Threat Modeling in the SDLC: What ISO 27001 A.8.25 and A.8.26 Actually Demand

Most SDLCs claim threat modeling. Most can't produce a single completed threat model on demand. What A.8.25 and A.8.26 require, the gaps we flag in audits, and a working template you can adopt in one sprint.

Jonathan Major
Jonathan Major
Lead ISO Internal Auditor · Risk and Response

Most SDLCs claim threat modeling as part of the process. Most SDLCs cannot produce a single completed threat model on demand. This is the gap that gets flagged in nearly every modern ISO 27001 internal audit — the policy says "we threat model major releases," and the engineering team confirms they "do threat modeling," but the artifacts that prove it don't exist or haven't been touched in 18 months.

ISO 27001:2022 introduced specific Annex A controls for the secure development lifecycle that put real teeth on this. This post walks through what A.8.25 and A.8.26 actually require, the gaps an internal auditor sees, and a working template you can implement in a single sprint without crushing engineering velocity.

What A.8.25 and A.8.26 actually require

ISO 27001:2022 Annex A.8.25 — Secure development life cycle — requires the organization to establish and apply rules for the secure development of software and systems. It explicitly calls out threat modeling as part of the methodology, alongside secure coding standards, secure development environments, version control, and security testing.

Annex A.8.26 — Application security requirements — requires information security requirements to be identified, specified, and approved when developing or acquiring applications. This is the upstream input to A.8.25: you can't apply secure development if you haven't first decided what "secure" means for the thing you're building.

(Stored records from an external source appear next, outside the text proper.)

(* Let $\mathbf{x}_k\in\mathbb{R}^d$ and $\epsilon>0$, suppose the sampled estimates $\mathbf{B}_k,\mathbf{T}_k$ at $\mathbf{x}_k$ (together with $\mathbf{g}_k$) satisfy the sampling condition with accuracy $\epsilon$ and constants $\kappa_g,\kappa_b,\kappa_t>0$, and set $\epsilon_2:=\epsilon^{2/3}$. Then for all $\mathbf{s}\in\mathbb{R}^d$, $$\|\nabla^2 f(\mathbf{x}_k+\mathbf{s})-\nabla^2_{\mathbf{s}}\phi_k(\mathbf{s})\|\le\left(\frac{L_t}{2}+\frac{\kappa_t}{2}\right)\|\mathbf{s}\|^2+\left(\kappa_b+\frac{\kappa_t}{2}\right)\epsilon_2,$$ where $\nabla^2_{\mathbf{s}}\phi_k(\mathbf{s})=\mathbf{B}_k+\mathbf{T}_k[\mathbf{s}]$ and the norm is the spectral norm.
   Context: $f(\mathbf{x})=\frac1n\sum_{i=1}^n f_i(\mathbf{x})$, each $f_i\in C^3(\mathbb{R}^d,\mathbb{R})$ with $f_i,\nabla f_i,\nabla^2 f_i,\nabla^3 f_i$ Lipschitz with constants $L_f,L_g,L_b,L_t$ (norm on third-order tensors: $\|A\|_{[3]}=\max_{\|\mathbf{h}_1\|=\|\mathbf{h}_2\|=\|\mathbf{h}_3\|=1}|A[\mathbf{h}_1,\mathbf{h}_2,\mathbf{h}_3]|$). For a third-order tensor $T$: $T[\mathbf{s}]$ is the matrix $(\sum_iT_{ijk}s_i)_{jk}$, $T[\mathbf{s}]^2=(\sum_{j,k}T_{ijk}s_js_k)_i$, $T[\mathbf{s}]^3=\sum_{i,j,k}T_{ijk}s_is_js_k$. Sampled estimates: $\mathbf{g}_k=\frac{1}{|\mathcal{S}^g|}\sum_{i\in\mathcal{S}^g}\nabla f_i(\mathbf{x}_k)$, $\mathbf{B}_k=\frac{1}{|\mathcal{S}^b|}\sum_{i\in\mathcal{S}^b}\nabla^2 f_i(\mathbf{x}_k)$, $\mathbf{T}_k=\frac{1}{|\mathcal{S}^t|}\sum_{i\in\mathcal{S}^t}\nabla^3 f_i(\mathbf{x}_k)$. $\phi_k(\mathbf{s})=f(\mathbf{x}_k)+\mathbf{g}_k^\top\mathbf{s}+\frac12\mathbf{s}^\top\mathbf{B}_k\mathbf{s}+\frac16\mathbf{T}_k[\mathbf{s}]^3$. Sampling condition (accuracy $\epsilon$): $\|\mathbf{g}_k-\nabla f(\mathbf{x}_k)\|\le\kappa_g\epsilon$; $\|(\mathbf{B}_k-\nabla^2 f(\mathbf{x}_k))\mathbf{s}\|\le\kappa_b\epsilon^{2/3}\|\mathbf{s}\|$ and $\|\mathbf{T}_k[\mathbf{s}]^2-\nabla^3 f(\mathbf{x}_k)[\mathbf{s}]^2\|\le\kappa_t\epsilon^{1/3}\|\mathbf{s}\|^2$ for all $\mathbf{s}\in\mathbb{R}^d$. *)

theory Defs
  imports "HOL-Analysis.Analysis"
begin
text \<open>While all phase gaps stay below \<open>U < pi\<close>, every coupling coefficient
  \<open>k0 cos (th j - th i) + k1\<close> is positive, so the energy decreases: its right derivative is minus
  a weighted sum of the squared frequency gaps. Since one pair alone contributes
  \<open>k2 / (2 N) * (\<bar>th k - th l\<bar> - thinf k l)\<^sup>2\<close> to the energy, a gap can reach \<open>U\<close> at a first
  time \<open>T\<close> only if the energy at \<open>T\<close> is still the initial one. Then the energy is constant on
  \<open>[0, T]\<close>, all frequencies coincide there, the gaps are frozen at their initial values below \<open>U\<close>,
  and \<open>T\<close> cannot exist.
  The absolute values in the potential make the energy only one-sidedly differentiable when two
  phases collide; the extra term this produces vanishes because the frequencies of a classical
  solution are differentiable.\<close>

lemma has_real_derivative_abs_right:
  fixes x :: "real \<Rightarrow> real"
  assumes d: "(x has_real_derivative d) (at s within S)" and S: "S \<subseteq> {s..}"
  shows "((\<lambda>t. \<bar>x t\<bar>) has_real_derivative (if x s = 0 then \<bar>d\<bar> else sgn (x s) * d)) (at s within S)"
proof -
  have q: "((\<lambda>t. (x t - x s) / (t - s)) \<longlongrightarrow> d) (at s within S)"
    using d has_field_derivative_iff by blast
  show ?thesis
  proof (cases "x s = 0")
    case True
    have "((\<lambda>t. \<bar>(x t - x s) / (t - s)\<bar>) \<longlongrightarrow> \<bar>d\<bar>) (at s within S)"
      using q by (rule tendsto_rabs)
    moreover have "eventually (\<lambda>t. \<bar>(x t - x s) / (t - s)\<bar> = (\<bar>x t\<bar> - \<bar>x s\<bar>) / (t - s)) (at s within S)"
      unfolding eventually_at_filter using S True
      by (intro always_eventually) (auto simp: abs_divide)
    ultimately have "((\<lambda>t. (\<bar>x t\<bar> - \<bar>x s\<bar>) / (t - s)) \<longlongrightarrow> \<bar>d\<bar>) (at s within S)"
      using tendsto_cong by fastforce
    then show ?thesis using True by (simp add: has_field_derivative_iff)
  next
    case False
    have "(x \<longlongrightarrow> x s) (at s within S)"
      using DERIV_continuous[OF d] continuous_within by blast
    then have "eventually (\<lambda>t. dist (x t) (x s) < \<bar>x s\<bar>) (at s within S)"
      using False by (intro tendstoD) simp_all
    then have ev: "eventually (\<lambda>t. (\<bar>x t\<bar> - \<bar>x s\<bar>) / (t - s) = sgn (x s) * ((x t - x s) / (t - s))) (at s within S)"
    proof (rule eventually_mono)
      fix t assume "dist (x t) (x s) < \<bar>x s\<bar>"
      then have "\<bar>x t\<bar> = sgn (x s) * x t" "\<bar>x s\<bar> = sgn (x s) * x s"
        using False by (cases "x s > 0"; simp add: dist_real_def; linarith)+
      then show "(\<bar>x t\<bar> - \<bar>x s\<bar>) / (t - s) = sgn (x s) * ((x t - x s) / (t - s))"
        by (simp add: algebra_simps diff_divide_distrib)
    qed
    have "((\<lambda>t. sgn (x s) * ((x t - x s) / (t - s))) \<longlongrightarrow> sgn (x s) * d) (at s within S)"
      using q by (rule tendsto_mult_left)
    then have "((\<lambda>t. (\<bar>x t\<bar> - \<bar>x s\<bar>) / (t - s)) \<longlongrightarrow> sgn (x s) * d) (at s within S)"
      by (subst tendsto_cong[OF ev])
    then show ?thesis using False by (simp add: has_field_derivative_iff)
  qed
qed
(* Let $X$ be an $n$-dimensional random vector with $X\le_{\mathrm{cx}}\mathcal N(\mu,\sigma^2I)$, and let $\alpha>0$. Then $$\mathrm P(\|X-\mu\|_\infty\le\alpha)\ge1-\sqrt2\,n\,e^{-\alpha^2/(4\sigma^2)}.$$ In particular, for $\gamma\in(0,1]$, $\mathrm P\bigl(\|X-\mu\|_\infty\le2\sigma\sqrt{\log(\sqrt2n/\gamma)}\bigr)\ge1-\gamma$.
   Context: For random vectors $X,Y$ in $\mathbb R^n$, $X\le_{\mathrm{cx}}Y$ (convex order) means $\mathbb Ef(X)\le\mathbb Ef(Y)$ for all convex $f:\mathbb R^n\to\mathbb R$ for which the expectations exist; a distribution on the right denotes a random vector with that distribution. *)

theory Defs
  imports "HOL-Probability.Probability"
begin

text \<open>Isotropic Gaussian N(mu, sigma^2 I) on real^'n (sigma is the standard deviation).\<close>
definition gauss_iso :: "real^'n \<Rightarrow> real \<Rightarrow> (real^'n) measure" where
  "gauss_iso mu \<sigma> = density lborel (\<lambda>x. ennreal (\<Prod>i\<in>UNIV. normal_density (mu$i) \<sigma> (x$i)))"

definition expect_exists :: "'a measure \<Rightarrow> ('a \<Rightarrow> real) \<Rightarrow> bool" where
  "expect_exists M g \<longleftrightarrow> g \<in> borel_measurable M \<and>
     ((\<integral>\<^sup>+x. ennreal (g x) \<partial>M) \<noteq> \<infinity> \<or> (\<integral>\<^sup>+x. ennreal (- g x) \<partial>M) \<noteq> \<infinity>)"

definition ext_expect :: "'a measure \<Rightarrow> ('a \<Rightarrow> real) \<Rightarrow> ereal" where
  "ext_expect M g = enn2ereal (\<integral>\<^sup>+x. ennreal (g x) \<partial>M) - enn2ereal (\<integral>\<^sup>+x. ennreal (- g x) \<partial>M)"

definition cx_le :: "'a measure \<Rightarrow> ('a \<Rightarrow> real^'n) \<Rightarrow> (real^'n) measure \<Rightarrow> bool" where
  "cx_le M X N \<longleftrightarrow> (\<forall>f :: real^'n \<Rightarrow> real. convex_on UNIV f \<longrightarrow>
      expect_exists M (\<lambda>\<omega>. f (X \<omega>)) \<longrightarrow> expect_exists N f \<longrightarrow>
      ext_expect M (\<lambda>\<omega>. f (X \<omega>)) \<le> ext_expect N f)"

definition linf_norm :: "real^'n \<Rightarrow> real" where
  "linf_norm x = Max (range (\<lambda>i. \<bar>x$i\<bar>))"

end

theory Submission
  imports Defs
begin

text \<open>The function \<open>f x = exp ((x$i - mu$i)^2 / (4 * \<sigma>^2))\<close> is convex and nonnegative,
so the convex order gives \<open>E f(X) \<le> E f(Z)\<close> for \<open>Z \<sim> N(mu, \<sigma>^2 I)\<close>. Multiplying the normal
density by this factor yields \<open>sqrt 2\<close> times the density of \<open>N(mu$i, 2\<sigma>^2)\<close>, so
\<open>E f(Z) = sqrt 2\<close>, and Markov's inequality bounds \<open>P(|X$i - mu$i| > \<alpha>)\<close> by
\<open>sqrt 2 * exp (-\<alpha>^2 / (4\<sigma>^2))\<close>. A union bound over the \<open>n\<close> coordinates gives the first claim;
the second is the first at \<open>\<alpha> = 2\<sigma> sqrt (ln (sqrt 2 n / \<gamma>))\<close>.\<close>

lemma convex_on_exp_comp:
  assumes "convex_on S g"
  shows "convex_on S (\<lambda>x. exp (g x))"
proof (rule convex_onI)
  show "convex S" using assms by (rule convex_on_imp_convex)
next
  fix t :: real and x y assume t: "0 < t" "t < 1" and xy: "x \<in> S" "y \<in> S"
  have "exp (g ((1 - t) *\<^sub>R x + t *\<^sub>R y)) \<le> exp ((1 - t) * g x + t * g y)"
    using convex_onD[OF assms, of t x y] t xy by simp
  also have "\<dots> \<le> (1 - t) * exp (g x) + t * exp (g y)"
    using convex_onD[OF exp_convex, of t "g x" "g y"] t by simp
  finally show "exp (g ((1 - t) *\<^sub>R x + t *\<^sub>R y)) \<le> (1 - t) * exp (g x) + t * exp (g y)" .
qed

lemma convex_on_comp_affine:
  fixes g :: "'b::real_vector \<Rightarrow> real" and h :: "'a::real_vector \<Rightarrow> 'b"
  assumes "convex_on UNIV g" and "linear h"
  shows "convex_on UNIV (\<lambda>x. g (h x + b))"
proof (rule convex_onI)
  fix t :: real and x y
  have "h ((1 - t) *\<^sub>R x + t *\<^sub>R y) = (1 - t) *\<^sub>R h x + t *\<^sub>R h y"
    by (simp add: linear_add[OF assms(2)] linear_scale[OF assms(2)])
  then have "h ((1 - t) *\<^sub>R x + t *\<^sub>R y) + b = (1 - t) *\<^sub>R (h x + b) + t *\<^sub>R (h y + b)"
    by (simp add: algebra_simps)
  moreover assume "0 < t" "t < 1"
  ultimately show "g (h ((1 - t) *\<^sub>R x + t *\<^sub>R y) + b) \<le> (1 - t) * g (h x + b) + t * g (h y + b)"
    using convex_onD[OF assms(1), of t] by simp
qed simp

lemma convex_on_exp_square_coordinate:
  fixes c m :: real assumes "0 < c"
  shows "convex_on UNIV (\<lambda>x::real^'n. exp ((x$i - m)^2 / c))"
proof -
  have "convex_on UNIV (\<lambda>s::real. exp (s^2 / c))"
    using assms convex_power2 by (intro convex_on_exp_comp convex_on_cdiv) auto
  then show ?thesis
    using convex_on_comp_affine[of "\<lambda>s. exp (s^2 / c)" "\<lambda>x::real^'n. x$i" "- m"]
    by (simp add: bounded_linear_vec_nth bounded_linear.linear)
qed

lemma normal_density_mult_exp_square:
  fixes m \<sigma> t :: real
  assumes "0 < \<sigma>"
  shows "normal_density m \<sigma> t * exp ((t - m)^2 / (4 * \<sigma>^2)) = sqrt 2 * normal_density m (sqrt 2 * \<sigma>) t"
proof -
  have "sqrt (2 * pi * (sqrt 2 * \<sigma>)\<^sup>2) = sqrt 2 * sqrt (2 * pi * \<sigma>\<^sup>2)"
    by (simp add: power_mult_distrib real_sqrt_mult)
  moreover have "- (t - m)\<^sup>2 / (2 * \<sigma>\<^sup>2) + (t - m)^2 / (4 * \<sigma>^2) = - (t - m)\<^sup>2 / (2 * (sqrt 2 * \<sigma>)\<^sup>2)"
    using assms by (simp add: power_mult_distrib field_simps)
  ultimately show ?thesis
    unfolding normal_density_def using assms by (simp add: exp_add[symmetric] field_simps)
qed

lemma nn_integral_normal_density_exp_square:
  fixes m \<sigma> :: real assumes "0 < \<sigma>"
  shows "(\<integral>\<^sup>+t. ennreal (normal_density m \<sigma> t) * ennreal (exp ((t - m)^2 / (4 * \<sigma>^2))) \<partial>lborel) = ennreal (sqrt 2)"
proof -
  have "(\<integral>\<^sup>+t. ennreal (normal_density m \<sigma> t) * ennreal (exp ((t - m)^2 / (4 * \<sigma>^2))) \<partial>lborel)
      = (\<integral>\<^sup>+t. ennreal (sqrt 2) * ennreal (normal_density m (sqrt 2 * \<sigma>) t) \<partial>lborel)"
    using assms by (simp add: ennreal_mult[symmetric] normal_density_mult_exp_square)
  also have "\<dots> = ennreal (sqrt 2)"
    using assms by (simp add: nn_integral_cmult nn_integral_eq_integral)
  finally show ?thesis .
qed

lemma nn_integral_lborel_prod_coordinate:
  fixes p :: "'n::finite \<Rightarrow> real \<Rightarrow> ennreal" and g :: "real \<Rightarrow> ennreal" and i :: 'n
  assumes [measurable]: "\<And>j. p j \<in> borel_measurable borel" "g \<in> borel_measurable borel"
    and "\<And>j. j \<noteq> i \<Longrightarrow> (\<integral>\<^sup>+t. p j t \<partial>lborel) = 1"
  shows "(\<integral>\<^sup>+x. (\<Prod>j\<in>UNIV. p j (x$j)) * g (x$i) \<partial>lborel) = (\<integral>\<^sup>+t. p i t * g t \<partial>lborel)"
proof -
  define e where "e j = axis j (1::real)" for j :: 'n
  define q where "q j t = p j t * (if j = i then g t else 1)" for j t
  have Basis: "Basis = range e" by (auto simp: Basis_vec_def e_def)
  have inj: "inj e" by (auto simp: inj_def axis_eq_axis e_def)
  have inv_e: "inv e (axis j 1) = j" for j using inv_f_f[OF inj] by (simp add: e_def)
  have [measurable]: "q j \<in> borel_measurable borel" for j unfolding q_def by measurable
  have "(\<Prod>j\<in>UNIV. p j (x$j)) * g (x$i) = (\<Prod>j\<in>UNIV. q j (x$j))" for x :: "real^'n"
    by (simp add: q_def prod.distrib)
  also have "\<dots>x = (\<Prod>b\<in>Basis. q (inv e b) (x \<bullet> b))" for x :: "real^'n"
    unfolding Basis by (subst prod.reindex[OF inj]) (simp add: inv_e e_def inner_axis)
  finally have "(\<integral>\<^sup>+x. (\<Prod>j\<in>UNIV. p j (x$j)) * g (x$i) \<partial>lborel)
      = (\<integral>\<^sup>+x. (\<Prod>b\<in>Basis. q (inv e b) (x \<bullet> b)) \<partial>lborel)"
    by simp
  also have "\<dots> = (\<Prod>b\<in>Basis. \<integral>\<^sup>+t. q (inv e b) t \<partial>lborel)"
    by (rule nn_integral_lborel_prod) auto
  also have "\<dots> = (\<Prod>j\<in>UNIV. \<integral>\<^sup>+t. q j t \<partial>lborel)"
    unfolding Basis by (subst prod.reindex[OF inj]) (simp add: inv_e e_def)
  also have "\<dots> = (\<integral>\<^sup>+t. q i t \<partial>lborel)"
  proof -
    have "q j = p j" if "j \<noteq> i" for j using that by (simp add: q_def fun_eq_iff)
    then show ?thesis using assms(3) by (subst prod.remove[of _ i]) (auto intro!: prod.neutral)
  qed
  finally show ?thesis by (simp add: q_def)
qed

lemma nn_integral_gauss_iso_coordinate:
  fixes mu :: "real^'n" and g :: "real \<Rightarrow> ennreal"
  assumes "0 < \<sigma>" and [measurable]: "g \<in> borel_measurable borel"
  shows "(\<integral>\<^sup>+x. g (x$i) \<partial>gauss_iso mu \<sigma>) = (\<integral>\<^sup>+t. ennreal (normal_density (mu$i) \<sigma> t) * g t \<partial>lborel)"
proof -
  have "(\<integral>\<^sup>+x. g (x$i) \<partial>gauss_iso mu \<sigma>)
      = (\<integral>\<^sup>+x. (\<Prod>j\<in>UNIV. ennreal (normal_density (mu$j) \<sigma> (x$j))) * g (x$i) \<partial>lborel)"
    unfolding gauss_iso_def by (subst nn_integral_density) (auto simp: prod_ennreal)
  also have "\<dots> = (\<integral>\<^sup>+t. ennreal (normal_density (mu$i) \<sigma> t) * g t \<partial>lborel)"
    using assms by (intro nn_integral_lborel_prod_coordinate) (auto simp: nn_integral_eq_integral)
  finally show ?thesis .
qed

lemma cx_le_nn_integral_le:
  fixes X :: "'a \<Rightarrow> real^'n" and f :: "real^'n \<Rightarrow> real"
  assumes "cx_le M X N" "X \<in> borel_measurable M" "sets N = sets borel"
    and "convex_on UNIV f" "\<And>x. 0 \<le> f x"
  shows "(\<integral>\<^sup>+\<omega>. ennreal (f (X \<omega>)) \<partial>M) \<le> (\<integral>\<^sup>+x. ennreal (f x) \<partial>N)"
proof -
  have neg: "ennreal (- f x) = 0" for x using assms(5)[of x] by (simp add: ennreal_neg)
  have "f \<in> borel_measurable N"
    using convex_measurable[of "\<lambda>x. x" borel UNIV f] assms(3,4)
    by (simp add: measurable_cong_sets[OF assms(3) refl])
  moreover have "(\<lambda>\<omega>. f (X \<omega>)) \<in> borel_measurable M"
    using convex_measurable[OF assms(2) _ _ assms(4)] by simp
  ultimately have "ext_expect M (\<lambda>\<omega>. f (X \<omega>)) \<le> ext_expect N f"
    using assms(1,4) unfolding cx_le_def expect_exists_def by (simp add: neg)
  then show ?thesis
    unfolding ext_expect_def by (simp add: neg zero_ennreal.rep_eq less_eq_ennreal.rep_eq)
qed

lemma mult_emeasure_le_nn_integral:
  assumes "A \<in> sets M" "\<And>\<omega>. \<omega> \<in> A \<Longrightarrow> c \<le> u \<omega>"
  shows "c * emeasure M A \<le> (\<integral>\<^sup>+\<omega>. u \<omega> \<partial>M)"
proof -
  have "c * emeasure M A = (\<integral>\<^sup>+\<omega>. c * indicator A \<omega> \<partial>M)"
    using assms(1) by (simp add: nn_integral_cmult_indicator)
  also have "\<dots> \<le> (\<integral>\<^sup>+\<omega>. u \<omega> \<partial>M)"
    using assms(2) by (intro nn_integral_mono) (auto split: split_indicator)
  finally show ?thesis .
qed

lemma prob_coordinate_deviation_gt_le:
  fixes X :: "'a \<Rightarrow> real^'n" and mu :: "real^'n"
  assumes "prob_space M" and [measurable]: "X \<in> borel_measurable M"
    and "\<sigma> > 0" and "cx_le M X (gauss_iso mu \<sigma>)" and "0 \<le> \<alpha>"
  shows "measure M {\<omega>\<in>space M. \<alpha> < \<bar>X \<omega> $ i - mu $ i\<bar>} \<le> sqrt 2 * exp (- (\<alpha>^2) / (4 * \<sigma>^2))"
proof -
  interpret prob_space M by fact
  define f where "f x = exp ((x$i - mu$i)^2 / (4 * \<sigma>^2))" for x :: "real^'n"
  define A where "A = {\<omega>\<in>space M. \<alpha> < \<bar>X \<omega> $ i - mu $ i\<bar>}"
  define K where "K = exp (\<alpha>^2 / (4 * \<sigma>^2))"
  have "A \<in> sets M" unfolding A_def by measurable
  moreover have "K \<le> f (X \<omega>)" if "\<omega> \<in> A" for \<omega>
  proof -
    have "\<alpha>^2 \<le> (X \<omega> $ i - mu $ i)^2"
      using that \<open>0 \<le> \<alpha>\<close> unfolding A_def abs_le_square_iff[symmetric] by simp
    then show ?thesis unfolding K_def f_def by (simp add: divide_right_mono)
  qed
  ultimately have "ennreal K * emeasure M A \<le> (\<integral>\<^sup>+\<omega>. ennreal (f (X \<omega>)) \<partial>M)"
    by (intro mult_emeasure_le_nn_integral) (auto intro: ennreal_leI)
  also have "\<dots> \<le> (\<integral>\<^sup>+x. ennreal (f x) \<partial>gauss_iso mu \<sigma>)"
    using assms \<open>\<sigma> > 0\<close> unfolding f_def
    by (intro cx_le_nn_integral_le convex_on_exp_square_coordinate) (auto simp: gauss_iso_def)
  also have "\<dots> = ennreal (sqrt 2)"
    using \<open>\<sigma> > 0\<close> unfolding f_def
    by (subst nn_integral_gauss_iso_coordinate[where g = "\<lambda>t. ennreal (exp ((t - mu$i)^2 / (4 * \<sigma>^2)))"])
      (simp_all add: nn_integral_normal_density_exp_square)
  finally have "K * measure M A \<le> sqrt 2"
    by (simp add: emeasure_eq_measure ennreal_mult[symmetric] K_def)
  then show ?thesis
    unfolding A_def K_def by (simp add: exp_minus field_simps)
qed

lemma linf_norm_le_iff: "linf_norm (v::real^'n) \<le> a \<longleftrightarrow> (\<forall>i. \<bar>v$i\<bar> \<le> a)"
  unfolding linf_norm_def by (subst Max_le_iff) auto

lemma prob_linf_norm_deviation_le_ge:
  fixes X :: "'a \<Rightarrow> real^'n" and mu :: "real^'n"
  assumes "prob_space M" and [measurable]: "X \<in> borel_measurable M"
    and "\<sigma> > 0" and "cx_le M X (gauss_iso mu \<sigma>)" and "0 \<le> \<alpha>"
  shows "measure M {\<omega>\<in>space M. linf_norm (X \<omega> - mu) \<le> \<alpha>}
           \<ge> 1 - sqrt 2 * real CARD('n) * exp (- (\<alpha>^2) / (4 * \<sigma>^2))"
proof -
  interpret prob_space M by fact
  define A where "A i = {\<omega>\<in>space M. \<alpha> < \<bar>X \<omega> $ i - mu $ i\<bar>}" for i
  have [measurable]: "A i \<in> sets M" for i unfolding A_def by measurable
  have "{\<omega>\<in>space M. linf_norm (X \<omega> - mu) \<le> \<alpha>} = space M - (\<Union>i. A i)"
    unfolding A_def linf_norm_le_iff by (auto simp: not_less) (meson not_less)
  moreover have "measure M (\<Union>i. A i) \<le> (\<Sum>i\<in>UNIV. measure M (A i))"
    by (rule measure_UNION_le) auto
  moreover have "(\<Sum>i\<in>UNIV. measure M (A i)) \<le> (\<Sum>i\<in>(UNIV::'n set). sqrt 2 * exp (- (\<alpha>^2) / (4 * \<sigma>^2)))"
    unfolding A_def by (intro sum_mono prob_coordinate_deviation_gt_le assms)
  ultimately show ?thesis by (simp add: prob_compl mult_ac)
qed

theorem mainTheorem13:
  fixes M :: "'a measure" and X :: "'a \<Rightarrow> real^'n" and mu :: "real^'n" and \<sigma> :: real
  assumes "prob_space M"
    and "X \<in> borel_measurable M"
    and "\<sigma> > 0"
    and "cx_le M X (gauss_iso mu \<sigma>)"
  shows "(\<forall>\<alpha>>0. measure M {\<omega>\<in>space M. linf_norm (X \<omega> - mu) \<le> \<alpha>}
            \<ge> 1 - sqrt 2 * real CARD('n) * exp (- (\<alpha>^2) / (4 * \<sigma>^2)))
       \<and> (\<forall>\<gamma>. 0 < \<gamma> \<and> \<gamma> \<le> 1 \<longrightarrow>
            measure M {\<omega>\<in>space M. linf_norm (X \<omega> - mu)
                \<le> 2 * \<sigma> * sqrt (ln (sqrt 2 * real CARD('n) / \<gamma>))} \<ge> 1 - \<gamma>)"
proof (intro conjI allI impI)
  fix \<gamma> :: real assume \<gamma>: "0 < \<gamma> \<and> \<gamma> \<le> 1"
  define L where "L = ln (sqrt 2 * real CARD('n) / \<gamma>)"
  have "1 * 1 < sqrt 2 * real CARD('n)"
    by (rule mult_less_le_imp_less) auto
  then have "0 \<le> L" unfolding L_def using \<gamma> by simp
  then have "sqrt 2 * real CARD('n) * exp (- ((2 * \<sigma> * sqrt L)^2) / (4 * \<sigma>^2)) = \<gamma>"
    unfolding L_def using \<gamma> \<open>\<sigma> > 0\<close> by (simp add: power_mult_distrib exp_minus)
  then show "measure M {\<omega>\<in>space M. linf_norm (X \<omega> - mu)
      \<le> 2 * \<sigma> * sqrt (ln (sqrt 2 * real CARD('n) / \<gamma>))} \<ge> 1 - \<gamma>"
    using prob_linf_norm_deviation_le_ge[OF assms, of "2 * \<sigma> * sqrt L"] \<open>0 \<le> L\<close> \<open>\<sigma> > 0\<close>
    unfolding L_def by simp
qed (use prob_linf_norm_deviation_le_ge[OF assms] in simp)

end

Together, the two controls describe a continuous loop:

  1. Identify the security requirements for a planned change (A.8.26)
  2. Apply secure development methodology — including threat modeling — to build against those requirements (A.8.25)
  3. Verify, before release, that the requirements are met

Threat modeling is the technique that makes this loop concrete. It's the bridge between "we have a security policy" and "we have evidence that this specific feature was assessed for security risk before it shipped."

What "good" actually looks like

A defensible threat-modeling program has six components. Get any five right and you'll close A.8.25 and A.8.26. Get all six and a Stage 2 auditor will move on quickly.

1. A defined trigger

"We threat model major releases" is meaningless without a definition of "major." Specific triggers I recommend writing into the policy:

  • A new service, microservice, or significant component
  • A change to an authentication or authorization boundary (a new role, a new SSO provider, a new federation)
  • A change to a data-classification boundary (e.g., the system now handles PII, payment data, or regulated health data)
  • A new external integration or third-party processor
  • Any AI/ML feature — mandatory, regardless of perceived size (drives ISO 42001 Annex A.6 alignment)
  • A change to deployment topology (new region, new cloud account, new tenancy model)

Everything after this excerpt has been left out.